Я извинился, сел, внимательно осмотрел соперника. Эффектного кроя белый костюм, на лацкане пиджака – мастерский значок. Для него турнир – работа, хлеб. То-то расстроится...
Очень улучшенная защита Стейница. До восьмого хода я отдавал отчет в своих намерениях...
...Моросящий дождь заставил искать укрытия. Беседка, увитая темно-зеленым плющом, манила запущенностью. Я осторожно глянул внутрь. Тихие-то мы тихие, а вдруг?
Одинокая фигура шевельнулась в плетеном креслице.
– Не потревожил? – спросил я.
– Чего уж там, – приветливо кивнул он. Бесформенная больничная пижама не могла скрыть худобы. На коленях – раскрытый блокнот. – У вас ручки не найдется?
– Нет.
Дождь брызгал на коротко стриженые газоны.
– Незадача, – он озабоченно защелкал языком и с ожесточением зацарапал шариковой ручкой по бумаге. – Не пишет, совсем не пишет, – он порывисто встал, подошел к выходу, выглянул.
– Дождик славный, грибы пойдут, – я попытался завязать спокойную беседу.
– Боюсь, погода нелетная, – он вглядывался в беспросветную пелену туч. – Мне нужно отправить письмо авиапочтой. Обязательно сегодня. Обычной не могу. После гибели "Титаника" не доверяю я пароходам. А какой ход пропал!
– Ход? – некстати удивился я. Нашел место для удивлений – в психиатрической лечебнице. Ну ладно, в лаборатории патологии мозга, если угодно. Сути это не меняет.
– Тихо! – он перешел на шепот. – Могут подслушать! Я играю матч с Джеймсом Робертом Фишером на звание чемпиона мира по переписке! И если срочно не отправлю ход, у меня будет просрочка, поражение – в абсолютно выигранной позиции! Теперь вы понимаете, как необходима ручка. О! Есть способ! – он подобрал на полу спичку, чиркнул об обложку блокнота, поднес к пламени острие ручки. – Сейчас распишется!
– Николай Егорович, Николай Егорович! – Санитары шли по саду, заглядывая под мокрые кусты. Собеседник скривился:
– Прихвостни Фишера! Помешать хотят! Не выйдет! – и он отчаянно попытался начертать что-то в блокноте.
– Не пишет! Не пишет! – он со злобою уставился на ручку и вдруг резко, твердо воткнул ее острием в собственный глаз. – Получай, скотина!

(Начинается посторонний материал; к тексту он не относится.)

lemma lin_combsE:
  assumes "y \<in> lin_combs R S"
  obtains n c g where "\<And>i. i < n \<Longrightarrow> c i \<in> carrier R" "\<And>i. i < n \<Longrightarrow> g i \<in> S"
    "y = lin_comb R c g n"
  using assms unfolding lin_combs_def by blast

context cring
begin

lemma lin_combs_ideal:
  assumes "S \<subseteq> carrier R"
  shows "ideal (lin_combs R S) R"
proof (rule idealI[OF ring_axioms])
  have closed: "lin_combs R S \<subseteq> carrier R"
    using assms by (auto elim!: lin_combsE intro!: lin_comb_closed)
  show "subgroup (lin_combs R S) (add_monoid R)"
  proof (rule add.subgroupI)
    show "lin_combs R S \<subseteq> carrier R"
      by (fact closed)
    have "lin_comb R c g 0 \<in> lin_combs R S" for c g
      by (rule lin_combsI) auto
    then show "lin_combs R S \<noteq> {}"
      by blast
    show "\<ominus> y \<in> lin_combs R S" if "y \<in> lin_combs R S" for y
    proof -
      obtain n c g where c: "\<And>i. i < n \<Longrightarrow> c i \<in> carrier R" and g: "\<And>i. i < n \<Longrightarrow> g i \<in> S"
        and y: "y = lin_comb R c g n"
        using \<open>y \<in> lin_combs R S\<close> by (elim lin_combsE) blast
      have "\<ominus> y = lin_comb R (\<lambda>i. \<ominus> c i) g n"
        unfolding y using c g assms by (intro lin_comb_minus) auto
      also have "\<dots> \<in> lin_combs R S"
        using c g by (intro lin_combsI) auto
      finally show ?thesis .
    qed
    show "y \<oplus> z \<in> lin_combs R S" if "y \<in> lin_combs R S" "z \<in> lin_combs R S" for y z
    proof -
      obtain n c g m c' g' where cg: "\<And>i. i < n \<Longrightarrow> c i \<in> carrier R" "\<And>i. i < n \<Longrightarrow> g i \<in> S"
        and cg': "\<And>i. i < m \<Longrightarrow> c' i \<in> carrier R" "\<And>i. i < m \<Longrightarrow> g' i \<in> S"
        and y: "y = lin_comb R c g n" and z: "z = lin_comb R c' g' m"
        using \<open>y \<in> lin_combs R S\<close> \<open>z \<in> lin_combs R S\<close> by (elim lin_combsE) blast
      define C where "C i = (if i < n then c i else c' (i - n))" for i
      define G where "G i = (if i < n then g i else g' (i - n))" for i
      have C: "C i \<in> carrier R" and G: "G i \<in> S" if "i < n + m" for i
        using that cg cg' by (auto simp: C_def G_def)
      have "lin_comb R C G (n + m) = lin_comb R C G n \<oplus> lin_comb R (\<lambda>i. C (n + i)) (\<lambda>i. G (n + i)) m"
        using C G assms by (intro lin_comb_add) auto
      also have "lin_comb R C G n = y"
        unfolding y by (rule lin_comb_cong) (simp_all add: C_def G_def)
      also have "lin_comb R (\<lambda>i. C (n + i)) (\<lambda>i. G (n + i)) m = z"
        unfolding z by (rule lin_comb_cong) (simp_all add: C_def G_def)
      finally show ?thesis
        using lin_combsI[of "n + m" C R G S] C G by simp
    qed
  qed
  show l_closed: "x \<otimes> y \<in> lin_combs R S" if "y \<in> lin_combs R S" "x \<in> carrier R" for x y
  proof -
    obtain n c g where c: "\<And>i. i < n \<Longrightarrow> c i \<in> carrier R" and g: "\<And>i. i < n \<Longrightarrow> g i \<in> S"
      and y: "y = lin_comb R c g n"
      using \<open>y \<in> lin_combs R S\<close> by (elim lin_combsE) blast
    have "x \<otimes> y = lin_comb R (\<lambda>i. x \<otimes> c i) g n"
      unfolding y using c g assms \<open>x \<in> carrier R\<close> by (intro lin_comb_scale) auto
    also have "\<dots> \<in> lin_combs R S"
      using c g \<open>x \<in> carrier R\<close> by (intro lin_combsI) auto
    finally show ?thesis .
  qed
  show "y \<otimes> x \<in> lin_combs R S" if "y \<in> lin_combs R S" "x \<in> carrier R" for x y
    using l_closed[OF that] m_comm[of y x] that closed by auto
qed

lemma genideal_eq_lin_combs:
  assumes "S \<subseteq> carrier R"
  shows "Idl S = lin_combs R S"
proof
  have "s \<in> lin_combs R S" if "s \<in> S" for s
  proof -
    have "s = lin_comb R (\<lambda>_. \<one>) (\<lambda>_. s) 1"
      using that assms by auto
    then show ?thesis
      using lin_combsI[of 1 "\<lambda>_. \<one>" R "\<lambda>_. s" S] that by simp
  qed
  then show "Idl S \<subseteq> lin_combs R S"
    by (intro genideal_minimal lin_combs_ideal assms) blast
  show "lin_combs R S \<subseteq> Idl S"
    using assms genideal_self[OF assms]
    by (auto elim!: lin_combsE intro!: lin_comb_in_ideal genideal_ideal)
qed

Вбежавшие санитары подхватили его под руки и, не обращая на меня внимание, поволокли под ливень.
– Я! Я – чемпион мира! Мне нет равных! – кричал больной, задирая к небу лицо с торчащей из глазницы шариковой ручкой.
То, что я принял за блокнот, лежало на дощатом полу беседки – небольшая книжечка в мягкой обложке. Я поднял ее. "Этюд глазами гроссмейстера" господина Надераишвили. Опасное чтиво. Я сунул книжку в карман курточки. Здесь очень долгие вечера...
...Соперник сидел, обхватив голову руками, то ли оберегая ее от распиравшей изнутри мысли, то ли пытаясь эту мысль выдавить. Наконец, он остановил часы.
Не он первый. Пустые столики зияли в зале, словно первые воронки Черной бомбежки.
На эстраде – кумачовый плацдарм. Независимые наблюдатели, надежа и опора.
Я протянул бланки партии. Судья рассеянно улыбнулся, покивал головой и полез в папку. Взор его ясно говорил: "Какой Денисов? Почему – Денисов?" – и, вслух:
– Жеребьевка завтра в десять утра, – ему жаль было расходовать чернила на мою шальную единичку.
Я покинул зал. Половина восьмого. Буфет с надписью на дверях: "Исключительно для участников турнира" – по-русски, немецки и английски.
Полезно быстро играть: людей мало, бутербродов много. Кета по цене кита – для людей с хорошей памятью. Ну её... Салатик "Оливье", бутерброды с воронежским окороком в пику напрочь забытому премьеру Рыжкову, стакан томатного сока и – в уголок зала, опять за колонну. Заколонный синдром просто.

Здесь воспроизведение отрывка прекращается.